Your main problem (I think) is constructing matrices XI and YI needed for interp2. You construct these by realising that in your new image the horizontal axis represents the angle of the line, and the vertical axis represents the distance from the centre of the circle so to construct those:
The output will be heavily distorted (of course) because the circle at each radius is stretched to be the same length. Along the lines distortion will be minimal. If all goes well and my math-fu hasn't left me this should give you a rolled out image of the tire, cut on the line from the centre to the right.
最好的办法:
使用二阶多项式变换将所有圆变换为直线,然后剪出您需要的直线。
使用 2 个带有参数“多项式”的 Matlab 命令 cp2tform() 和 imtransform()

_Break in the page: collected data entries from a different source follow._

theorem corollary1:
  fixes M :: "'a measure" and X :: "'a \<Rightarrow> real" and \<gamma> :: "real \<Rightarrow> real"
    and p x0 q c :: real
  assumes "prob_space M" and "atomless M"
    and "p > 0" and "p < 1"
    and "X \<in> borel_measurable M" and "\<forall>\<omega>\<in>space M. X \<omega> \<ge> 0"
    and "pos_density_on_support M X"
    and "continuous_on UNIV \<gamma>" and "\<forall>x. \<gamma> x > 0"
    and "integrable M (\<lambda>\<omega>. \<gamma> (X \<omega>))" and "(\<integral>\<omega>. \<gamma> (X \<omega>) \<partial>M) = 1"
    and "integrable M (\<lambda>\<omega>. \<gamma> (X \<omega>) * X \<omega>)"
    and "0 \<le> x0" and "x0 < (\<integral>\<omega>. \<gamma> (X \<omega>) * X \<omega> \<partial>M)"
    and q_def: "q = Inf ((\<lambda>g. VaR M p (\<lambda>\<omega>. g (X \<omega>))) ` G_ns M X \<gamma> x0)"
    and "q > 0"
    and c_def: "c = VaR M p (\<lambda>\<omega>. (X \<omega> - q) * \<gamma> (X \<omega>))"
    and "measure M {\<omega>\<in>space M. (X \<omega> - q) * \<gamma> (X \<omega>) \<le> c} = p"
  shows "let gX = (\<lambda>x. if (x - q) * \<gamma> x > c then x else min x q) in
     gX \<in> G_ns M X \<gamma> x0
     \<and> (\<forall>g\<in>G_ns M X \<gamma> x0. VaR M p (\<lambda>\<omega>. gX (X \<omega>)) \<le> VaR M p (\<lambda>\<omega>. g (X \<omega>)))
     \<and> (\<forall>g\<in>G_ns M X \<gamma> x0. VaR M p (\<lambda>\<omega>. g (X \<omega>)) \<le> VaR M p (\<lambda>\<omega>. gX (X \<omega>))
          \<longrightarrow> (AE \<omega> in M. g (X \<omega>) = gX (X \<omega>)))"
proof -
  have "\<gamma> \<in> borel_measurable borel"
    using assms(8) by (rule borel_measurable_continuous_onI)
  with assms interpret VaR_minimization_at_level M X \<gamma> p x0 q c
    by (intro VaR_minimization_at_level.intro VaR_minimization.intro VaR_minimization_axioms.intro
        VaR_minimization_at_level_axioms.intro) simp_all
  have "(\<lambda>x. if (x - q) * \<gamma> x > c then x else min x q) = capped q"
    by (simp add: fun_eq_iff capped_def)
  then show ?thesis
    using capped_admissible VaR_capped_minimal capped_unique_AE by (simp only: Let_def) blast
qed

end
(* Let $X$ be a real vector space and let $A,B\subseteq X$ be two disjoint convex sets such that $A$ is vectorially closed and relatively solid. Suppose moreover that $B\subseteq Y$ for some finite-dimensional subspace $Y$ of $X$ and that $B$ is compact in $Y$ (with its usual Euclidean topology). Then $A$ and $B$ can be strongly separated by some $f\in X'$, i.e. there is $f\in X'$ with $\sup_{a\in A}f(a)<\inf_{b\in B}f(b)$.
   Context: $X'$ is the algebraic dual of $X$. For $C\subseteq X$: $vcl(C):=\{b\in X:\ \exists x\in X \text{ such that } \forall\lambda'>0\ \exists\lambda\in[0,\lambda'] \text{ with } b+\lambda x\in C\}$; $C$ is vectorially closed if $vcl(C)=C$; $C$ is relatively solid if $icr(C)\ne\emptyset$, where $icr(C):=\{x\in C:\ \forall x'\in span(C-C)\ \exists \lambda'>0 \text{ with } x+\lambda x'\in C\ \forall\lambda\in[0,\lambda']\}$. *)

theory Defs
  imports "HOL-Analysis.Analysis"
begin

definition vcl :: "'a::real_vector set \<Rightarrow> 'a set" where
  "vcl C = {b. \<exists>x. \<forall>l'>0. \<exists>l\<in>{0..l'}. b + l *\<^sub>R x \<in> C}"

definition vectorially_closed :: "'a::real_vector set \<Rightarrow> bool" where
  "vectorially_closed C \<longleftrightarrow> vcl C = C"

definition icr :: "'a::real_vector set \<Rightarrow> 'a set" where
  "icr C = {x\<in>C. \<forall>x'\<in>span {c - d | c d. c \<in> C \<and> d \<in> C}.
              \<exists>l'>0. \<forall>l\<in>{0..l'}. x + l *\<^sub>R x' \<in> C}"

definition relatively_solid :: "'a::real_vector set \<Rightarrow> bool" where
  "relatively_solid C \<longleftrightarrow> icr C \<noteq> {}"

text \<open>A set B contained in a finite-dimensional subspace Y is compact in Y (with its usual
  Euclidean topology) iff its image under some (equivalently: every) injective linear map of
  Y into a Euclidean space is compact.\<close>
definition compact_in_fd :: "'b::euclidean_space itself \<Rightarrow> 'a::real_vector set \<Rightarrow> 'a set \<Rightarrow> bool" where
  "compact_in_fd T Y B \<longleftrightarrow> (\<exists>g :: 'a \<Rightarrow> 'b. linear g \<and> inj_on g Y \<and> compact (g ` B))"
lemma full_cone_filling:
  assumes "sphere_pair X j \<sigma> \<tau> y" and high: "0 \<le> int j - int n + pv"
    and \<sigma>G: "\<sigma> \<in> gajer X n pv j" and \<tau>G: "\<tau> \<in> gajer X n pv j" and y: "y \<noteq> None"
  shows "full n pv (Suc j) (cone_filling j \<sigma> \<tau> y)"
proof (rule full_SucI)
  interpret sphere_pair X j \<sigma> \<tau> y by fact
  let ?d = "int (Suc j) - (int n + 1) + pv" and ?b = "barycentre (Suc j)"
  have b: "?b \<in> standard_simplex (Suc j)" "?b j \<noteq> 0" "?b (Suc j) \<noteq> 0"
    by (simp_all add: barycentre_in_standard_simplex) (simp_all add: barycentre_def)
  have apex_set: "poly_dim_le j {v \<in> standard_simplex j. \<rho> v = None} (int j - (int n + 1) + pv)"
    if "\<rho> \<in> gajer X n pv j" for \<rho>
    using full_imp_allowable[of n pv j \<rho>] that by (simp add: gajer_def allowable_def cone_apex_def)
  have "poly_dim_le (Suc j) (face_join ?b j {v \<in> standard_simplex j. \<sigma> v = None}) ?d"
    using poly_dim_le_face_join[OF apex_set[OF \<sigma>G] b(1,2)] by (simp add: algebra_simps)
  moreover have "poly_dim_le (Suc j) (face_join ?b (Suc j) {v \<in> standard_simplex j. \<tau> v = None}) ?d"
    using poly_dim_le_face_join[OF apex_set[OF \<tau>G] b(1,3)] by (simp add: algebra_simps)
  moreover have "poly_dim_le (Suc j) {?b} ?d"
    using poly_dim_le_singleton[OF b(1)] high by simp
  ultimately have "poly_dim_le (Suc j) ({?b} \<union> face_join ?b j {v \<in> standard_simplex j. \<sigma> v = None}
      \<union> face_join ?b (Suc j) {v \<in> standard_simplex j. \<tau> v = None}) ?d"
    by (intro poly_dim_le_Un)
  then show "allowable n pv (Suc j) (cone_filling j \<sigma> \<tau> y)"
    unfolding allowable_def cone_apex_def
    by (rule poly_dim_le_mono[OF _ apex_preimage_cone_filling[OF y] order_refl])
  fix i assume "i \<le> Suc j"
  then consider "i < j" | "i = j" | "i = Suc j" by linarith
  then show "full n pv j (singular_face (Suc j) i (cone_filling j \<sigma> \<tau> y))"
  proof cases
    case 1
    then show ?thesis using singular_face_cone_filling(1) full_const_simplex[of y n pv j] y by simp
  qed (use singular_face_cone_filling(2,3) \<sigma>G \<tau>G in \<open>simp_all add: gajer_def\<close>)
qed

lemma shomotopic_gajer_above:
  assumes X: "compact_space X" and high: "0 \<le> int j - int n + pv"
    and vertex: "const_simplex 0 y \<in> gajer X n pv 0"
    and \<sigma>: "\<sigma> \<in> sphere_reps (gajer X n pv) j y" and \<tau>: "\<tau> \<in> sphere_reps (gajer X n pv) j y"
  shows "shomotopic (gajer X n pv) j y \<sigma> \<tau>"
proof -
  have \<sigma>G: "\<sigma> \<in> gajer X n pv j" and \<tau>G: "\<tau> \<in> gajer X n pv j"
    using \<sigma> \<tau> by (auto simp: sphere_reps_def)
  have "y \<in> topspace (open_cone X)"
    using vertex by (auto simp: gajer_def singular_simplex_def continuous_map_def const_simplex_def
        standard_simplex_0)
  then interpret sphere_pair X j \<sigma> \<tau> y
    using X \<sigma>G \<tau>G sphere_reps_boundary[OF \<sigma>] sphere_reps_boundary[OF \<tau>]
    by unfold_locales (auto simp: gajer_def)
  have "full n pv (Suc j) (cone_filling j \<sigma> \<tau> y)"
  proof (cases "int n + 1 \<le> pv")
    case False
    then have "y \<noteq> None"
      using gajer_apex_free[OF vertex, of "simplex_vertex 0"]
      by (simp add: const_simplex_def standard_simplex_0 simplex_vertex_def)
    then show ?thesis using full_cone_filling sphere_pair_axioms high \<sigma>G \<tau>G by blast
  qed (rule full_if_large_perversity)
  then have "cone_filling j \<sigma> \<tau> y \<in> gajer X n pv (Suc j)"
    using singular_simplex_cone_filling by (simp add: gajer_def)
  then show ?thesis
    unfolding shomotopic_def using singular_face_cone_filling by blast
qed

theorem mainTheorem19:
  fixes X :: "'a topology" and n :: nat and pv :: int and m :: int
  assumes "compact_space X"
    and "m = (int n + 1) - 2 - pv"
  shows "postnikov_stage_cone X n pv m"
  unfolding postnikov_stage_cone_def
proof (intro conjI allI impI)
  fix j x assume "int j \<le> m"
  then have low: "int (Suc j) - (int n + 1) + pv < 0" using assms(2) by simp
  show "induces_bij_pi (Sing X) (gajer X n pv) cone_incl j x"
    unfolding induces_bij_pi_def
    by (auto intro: gajer_sphere_shomotopic_to_Sing[OF assms(1) low] shomotopic_Sing_of_gajer[OF low])
next
  fix j y assume "m < int j" "const_simplex 0 y \<in> gajer X n pv 0"
  then show "pi_trivial (gajer X n pv) j y"
    unfolding pi_trivial_def using shomotopic_gajer_above[OF assms(1)] assms(2) by auto
qed

end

在变换 T 内设置 x^2 和 y^2 的值 1 以创建圆并进行平移以定义轮胎的中心像素。
抱歉,我不提供代码,因为我是通过 iPhone 接听的。
Ps 检查 Matlab 有关多项式和保角变换的帮助。他们正是按照您的需要做的。
The best way:
Use polynomial transformation of second order to transform all the circles to lines and then just cut out the lines you need.
Use 2 Matlab commands cp2tform() with parameter 'polynomial' and imtransform()
Set inside the transformation T the values 1 for x^2 and y^2 to create a circle and translation to define the center pixel of the tire.
Sorry that I don't supply code, since I answer from iPhone.
P.s. Check Matlab help about polynomial and conformal transformation. They do exactly what you need.